I roll my eyes. "Fine, I've got some stuff to deal with… but who doesn't?"

"You've got a little more on your plate than most," she says.

"Ugh," I let out a long whine, not wanting to think about this shit. She always forces me to, though. I know she's only trying to help. I know she wants the best for me…


After watching a few movies with Bebe, I head out for a night shift. I don't mind it here. It's pretty quiet, even when it's busy. People don't really like to talk about the things they buy here and the people who do talk about it are usually pretty awkward. I don't know why. There's no shame in wanting to make yourself feel good. I always put on my softest smile when people ask me for help, no matter who they are or what they're looking for.

I've sampled a lot of the merchandise, so I know what I'm talking about. I also get that everyone is built a little differently. What one person likes, another person might hate.

Lola came in here a few weeks ago and nearly turned around when she spotted me. I called her back over and I helped her pick something fun. She ended up wanting a vibrator. One that had good speed, but wasn't too loud. I showed her a few different models. She picked one and that was that.

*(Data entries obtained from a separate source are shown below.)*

(* Let $U\subset\mathbb{R}^2$ be open, $f,g:U\to\mathbb{R}$ smooth, and let $M\subset\mathbb{R}^{3,1}$ be the timelike surface parametrized by $\psi(x,y)=(f(x,y),g(x,y),x,y)$. Assume that $M$ has a canonical null direction with respect to both $e_3$ and $e_4$. Then $M$ is minimal if and only if $M$ can be locally parametrized as $$\psi(x,y)=\alpha(x)+\beta(y),$$ where $\alpha$ and $\beta$ are lightlike curves contained in the timelike hyperplanes orthogonal to $e_4$ and to $e_3$, respectively.
   Context: $\mathbb{R}^{3,1}$ is $\mathbb{R}^{4}$ with the metric $-dx_1^2+dx_2^2+dx_3^2+dx_4^2$, and $e_1,\dots,e_4$ is its canonical basis. A surface is timelike if the induced metric has signature $(1,1)$; a vector $v$ is lightlike if $v\ne0$ and $\langle v,v\rangle=0$; a curve is lightlike if its velocity is lightlike everywhere. For a constant vector $Z$, $Z=Z^\top+Z^\perp$ along $M$; $M$ has a canonical null direction with respect to $Z$ if $Z^\top$ is lightlike everywhere on $M$. $M$ is minimal if its mean curvature vector $\frac12\operatorname{tr}II$ vanishes. *)

theory Defs
  imports "HOL-Analysis.Analysis"
begin

definition mink :: "real^4 \<Rightarrow> real^4 \<Rightarrow> real" where
  "mink v w = - (v$1 * w$1) + v$2 * w$2 + v$3 * w$3 + v$4 * w$4"

definition lightlike :: "real^4 \<Rightarrow> bool" where
  "lightlike v \<longleftrightarrow> v \<noteq> 0 \<and> mink v v = 0"

definition e3 :: "real^4" where "e3 = axis 3 1"
definition e4 :: "real^4" where "e4 = axis 4 1"

definition px :: "(real \<times> real \<Rightarrow> 'a::real_normed_vector) \<Rightarrow> real \<times> real \<Rightarrow> 'a" where
  "px F p = vector_derivative (\<lambda>t. F (t, snd p)) (at (fst p))"

definition py :: "(real \<times> real \<Rightarrow> 'a::real_normed_vector) \<Rightarrow> real \<times> real \<Rightarrow> 'a" where
  "py F p = vector_derivative (\<lambda>t. F (fst p, t)) (at (snd p))"

fun Ck :: "nat \<Rightarrow> (real \<times> real) set \<Rightarrow> (real \<times> real \<Rightarrow> real) \<Rightarrow> bool" where
  "Ck 0 U f = continuous_on U f"
| "Ck (Suc k) U f =
     (continuous_on U f \<and>
      (\<forall>p\<in>U. (\<lambda>t. f (t, snd p)) differentiable (at (fst p))
            \<and> (\<lambda>t. f (fst p, t)) differentiable (at (snd p))) \<and>
      Ck k U (px f) \<and> Ck k U (py f))"

definition smooth_on2 :: "(real \<times> real) set \<Rightarrow> (real \<times> real \<Rightarrow> real) \<Rightarrow> bool" where
  "smooth_on2 U f \<longleftrightarrow> (\<forall>k. Ck k U f)"

definition fE :: "(real \<times> real \<Rightarrow> real^4) \<Rightarrow> real \<times> real \<Rightarrow> real" where
  "fE \<Psi> p = mink (px \<Psi> p) (px \<Psi> p)"
definition fF :: "(real \<times> real \<Rightarrow> real^4) \<Rightarrow> real \<times> real \<Rightarrow> real" where
  "fF \<Psi> p = mink (px \<Psi> p) (py \<Psi> p)"
definition fG :: "(real \<times> real \<Rightarrow> real^4) \<Rightarrow> real \<times> real \<Rightarrow> real" where
  "fG \<Psi> p = mink (py \<Psi> p) (py \<Psi> p)"

definition timelike_surface :: "(real \<times> real) set \<Rightarrow> (real \<times> real \<Rightarrow> real^4) \<Rightarrow> bool" where
  "timelike_surface U \<Psi> \<longleftrightarrow> (\<forall>p\<in>U. fE \<Psi> p * fG \<Psi> p - (fF \<Psi> p)^2 < 0)"

text \<open>Tangential part of a vector v at the point \<Psi> p (orthogonal projection w.r.t. the
  Minkowski metric onto the nondegenerate tangent plane), and normal part.\<close>
definition tang :: "(real \<times> real \<Rightarrow> real^4) \<Rightarrow> real \<times> real \<Rightarrow> real^4 \<Rightarrow> real^4" where
  "tang \<Psi> p v =
     (let E = fE \<Psi> p; F = fF \<Psi> p; G = fG \<Psi> p; D = E * G - F^2;
          a1 = mink v (px \<Psi> p); a2 = mink v (py \<Psi> p)
      in ((G * a1 - F * a2) / D) *\<^sub>R px \<Psi> p + ((E * a2 - F * a1) / D) *\<^sub>R py \<Psi> p)"

definition nor :: "(real \<times> real \<Rightarrow> real^4) \<Rightarrow> real \<times> real \<Rightarrow> real^4 \<Rightarrow> real^4" where
  "nor \<Psi> p v = v - tang \<Psi> p v"

text \<open>Mean curvature vector H = (1/2) tr II, with II(X,Y) = normal part of D_X Y.\<close>
definition mean_curv_vec :: "(real \<times> real \<Rightarrow> real^4) \<Rightarrow> real \<times> real \<Rightarrow> real^4" where
  "mean_curv_vec \<Psi> p =
     (let E = fE \<Psi> p; F = fF \<Psi> p; G = fG \<Psi> p; D = E * G - F^2
      in (1/2) *\<^sub>R ((1 / D) *\<^sub>R
           (G *\<^sub>R nor \<Psi> p (px (px \<Psi>) p) - (2 * F) *\<^sub>R nor \<Psi> p (py (px \<Psi>) p)
            + E *\<^sub>R nor \<Psi> p (py (py \<Psi>) p))))"

definition minimal_surface :: "(real \<times> real) set \<Rightarrow> (real \<times> real \<Rightarrow> real^4) \<Rightarrow> bool" where
  "minimal_surface U \<Psi> \<longleftrightarrow> (\<forall>p\<in>U. mean_curv_vec \<Psi> p = 0)"

definition canonical_null_direction ::
  "(real \<times> real) set \<Rightarrow> (real \<times> real \<Rightarrow> real^4) \<Rightarrow> real^4 \<Rightarrow> bool" where
  "canonical_null_direction U \<Psi> Z \<longleftrightarrow> (\<forall>p\<in>U. lightlike (tang \<Psi> p Z))"

definition graph_surf :: "(real \<times> real \<Rightarrow> real) \<Rightarrow> (real \<times> real \<Rightarrow> real) \<Rightarrow> real \<times> real \<Rightarrow> real^4" where
  "graph_surf f g = (\<lambda>(x, y). vector [f (x, y), g (x, y), x, y])"

definition lightlike_curve_at :: "(real \<Rightarrow> real^4) \<Rightarrow> real \<Rightarrow> bool" where
  "lightlike_curve_at \<alpha> t \<longleftrightarrow> (\<exists>v. (\<alpha> has_vector_derivative v) (at t) \<and> lightlike v)"

end

theory Submission imports Defs begin

text \<open>For the graph \<open>\<Psi>(x,y) = (f,g,x,y)\<close> we have \<open>\<langle>\<Psi>\<^sub>x,e\<^sub>3\<rangle> = 1\<close>, \<open>\<langle>\<Psi>\<^sub>y,e\<^sub>3\<rangle> = 0\<close>,
  and symmetrically for \<open>e\<^sub>4\<close>. Hence \<open>\<langle>e\<^sub>3\<^sup>\<top>,e\<^sub>3\<^sup>\<top>\<rangle> = G/(EG - F\<^sup>2)\<close> and
  \<open>\<langle>e\<^sub>4\<^sup>\<top>,e\<^sub>4\<^sup>\<top>\<rangle> = E/(EG - F\<^sup>2)\<close>, so the two canonical null directions say exactly that
  \<open>E = G = 0\<close>: \<open>(x,y)\<close> are null coordinates. In null coordinates the mean curvature
  vector is \<open>(\<Psi>\<^sub>x\<^sub>y)\<^sup>\<perp>/F\<close>, and since \<open>\<Psi>\<^sub>x\<^sub>y = (f\<^sub>x\<^sub>y, g\<^sub>x\<^sub>y, 0, 0)\<close> has no component along the
  last two coordinates, which detect the tangent plane, \<open>H = 0\<close> iff \<open>f\<^sub>x\<^sub>y = g\<^sub>x\<^sub>y = 0\<close>.
  That is equivalent to \<open>\<Psi>\<close> splitting locally as \<open>\<alpha>(x) + \<beta>(y)\<close>, and the slice curves
  \<open>\<alpha>, \<beta>\<close> are lightlike because \<open>E = G = 0\<close>.\<close>

lemma vector4_nth [simp]:
  "(vector [a,b,c,d] :: ('a::zero)^4)$1 = a"
  "(vector [a,b,c,d] :: ('a::zero)^4)$2 = b"
  "(vector [a,b,c,d] :: ('a::zero)^4)$3 = c"
  "(vector [a,b,c,d] :: ('a::zero)^4)$4 = d"
  unfolding vector_def by simp_all

lemma vector4_eq_axis_sum:
  "(vector [a,b,c,d] :: real^4) = a *\<^sub>R axis 1 1 + b *\<^sub>R axis 2 1 + c *\<^sub>R axis 3 1 + d *\<^sub>R axis 4 1"
  by (simp add: vec_eq_iff forall_4 axis_def)

lemma vector4_has_vector_derivative:
  assumes "(a has_field_derivative a') (at t)" "(b has_field_derivative b') (at t)"
    "(c has_field_derivative c') (at t)" "(d has_field_derivative d') (at t)"
  shows "((\<lambda>t. vector [a t, b t, c t, d t] :: real^4) has_vector_derivative vector [a', b', c', d']) (at t)"
  unfolding vector4_eq_axis_sum
  by (rule derivative_eq_intros assms | simp)+

lemma mink_e3 [simp]: "mink v e3 = v$3" "mink e3 v = v$3"
  by (simp_all add: mink_def e3_def axis_def)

I really wish people wouldn't be so shy, but I guess this is the world we live in. Dick-shaped dildos aren't even legal in some states!

Fortunately, my creepy boss isn't in today. It's just me here. Business is always a little better when he's not around. I don't think I'm the only person who finds him hella creepy. He's balding and kind of fat, plus he smells like hot dog water. Saying that doesn't paint the prettiest picture, huh? Sometimes I can't believe I slept with him! I had his rancid cock in my mouth more than once. I must really fucking hate myself. Like Bebe says, I've got no standards and maybe that means I've lost my self-respect... but things like that can be recovered, can't they?


On my way home, my phone rings. I check the caller ID before answering. It's Kevin. "Hey, what's up?"

"Hey," he says wearily. "I'm at Hells Pass. Karen got hurt."

"What?" I ask stupidly.

"Karen got hurt!" he repeats angrily.

"How?" I croak.

I hear him sigh into the receiver. "I don't want to fucking say it," he murmurs. "Just get over here." He hangs up after that and I don't hesitate to start running.